What to work on: One part of the entries below is wanted: the lines from the one containing "finally show ?thesis ." through the one containing "(* Let $0<\lambda<n$". Write those out exactly and nothing else.

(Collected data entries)
lemma sum_conservative_children_before_le:
  assumes a1: "1 \<le> a1"
  shows "(\<Sum>a\<in>{a. a \<in> tree_nodes \<and> length a = Suc n \<and> hd a = a1 \<and> conservative a}.
      emeasure M {\<omega>\<in>space M. children_before X a a1 [] \<omega>})
    \<le> mgf MY (Y a1) (lam a1) * laplace_mean a1 a1 * (\<Sum>k\<in>{1..a1}. laplace_mean a1 k) ^ n"
proof -
  let ?L = "{l. set l \<subseteq> {1..a1} \<and> length l = n}"
  have "(\<Sum>a\<in>{a. a \<in> tree_nodes \<and> length a = Suc n \<and> hd a = a1 \<and> conservative a}.
      emeasure M {\<omega>\<in>space M. children_before X a a1 [] \<omega>})
    = (\<Sum>l\<in>?L. emeasure M {\<omega>\<in>space M. children_before X (a1 # l) a1 [] \<omega>})"
    unfolding conservative_nodes_eq_image[OF a1] by (subst sum.reindex) (auto simp: inj_on_def)
  also have "\<dots> \<le> (\<Sum>l\<in>?L. mgf MY (Y a1) (lam a1) * (laplace_mean a1 a1 * prod_list (map (laplace_mean a1) l)))"
  proof (rule sum_mono)
    fix l assume "l \<in> ?L"
    with a1 have "a1 # l \<in> tree_nodes"
      by (auto simp: tree_nodes_def)
    from emeasure_children_before_le[OF this]
    show "emeasure M {\<omega>\<in>space M. children_before X (a1 # l) a1 [] \<omega>}
        \<le> mgf MY (Y a1) (lam a1) * (laplace_mean a1 a1 * prod_list (map (laplace_mean a1) l))"
      by simp
  qed
  also have "\<dots> = mgf MY (Y a1) (lam a1) * laplace_mean a1 a1 * (\<Sum>k\<in>{1..a1}. laplace_mean a1 k) ^ n"
    by (simp add: sum_distrib_left sum_lists_length_prod_list mult.assoc flip: sum_distrib_left)
  finally show ?thesis .
qed

end
(* Let $0<\lambda<n$ and $1\le p<\infty$. There exist functions $f\in V_0L^{p,\lambda}\cap V_\infty L^{p,\lambda}$ which do not satisfy $\lim_{N\to\infty}\sup_{x\in\mathbb{R}^n}\int_{B(x,1)}|f(y)|^p\chi_{\mathbb{R}^n\setminus B(0,N)}(y)\,dy=0$.
   Context: $B(x,r)$ is the open ball in $\mathbb{R}^n$ with center $x$ and radius $r$. For $f\in L^1_{\mathrm{loc}}(\mathbb{R}^n)$ let $\mathfrak{M}_{p,\lambda}(f;x,r):=r^{-\lambda}\int_{B(x,r)}|f(y)|^p\,dy$. The homogeneous Morrey space $L^{p,\lambda}(\mathbb{R}^n)$ consists of $f\in L^p_{\mathrm{loc}}(\mathbb{R}^n)$ with $\|f\|_{p,\lambda}:=\sup_{x\in\mathbb{R}^n,\,r>0}\mathfrak{M}_{p,\lambda}(f;x,r)^{1/p}<\infty$. $V_0L^{p,\lambda}=\{f\in L^{p,\lambda}:\lim_{r\to0}\sup_{x}\mathfrak{M}_{p,\lambda}(f;x,r)=0\}$ and $V_\infty L^{p,\lambda}=\{f\in L^{p,\lambda}:\lim_{r\to\infty}\sup_{x}\mathfrak{M}_{p,\lambda}(f;x,r)=0\}$. *)

theory Defs
  imports "HOL-Analysis.Analysis"
begin

definition morrey_M :: "real \<Rightarrow> real \<Rightarrow> ('a::euclidean_space \<Rightarrow> real) \<Rightarrow> 'a \<Rightarrow> real \<Rightarrow> ennreal" where
  "morrey_M p lam f x r =
     ennreal (r powr (- lam)) * (\<integral>\<^sup>+ y \<in> ball x r. ennreal (\<bar>f y\<bar> powr p) \<partial>lebesgue)"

Task output:
  finally show ?thesis .
qed

end
(* Let $0<\lambda<n$ and $1\le p<\infty$. There exist functions $f\in V_0L^{p,\lambda}\cap V_\infty L^{p,\lambda}$ which do not satisfy $\lim_{N\to\infty}\sup_{x\in\mathbb{R}^n}\int_{B(x,1)}|f(y)|^p\chi_{\mathbb{R}^n\setminus B(0,N)}(y)\,dy=0$.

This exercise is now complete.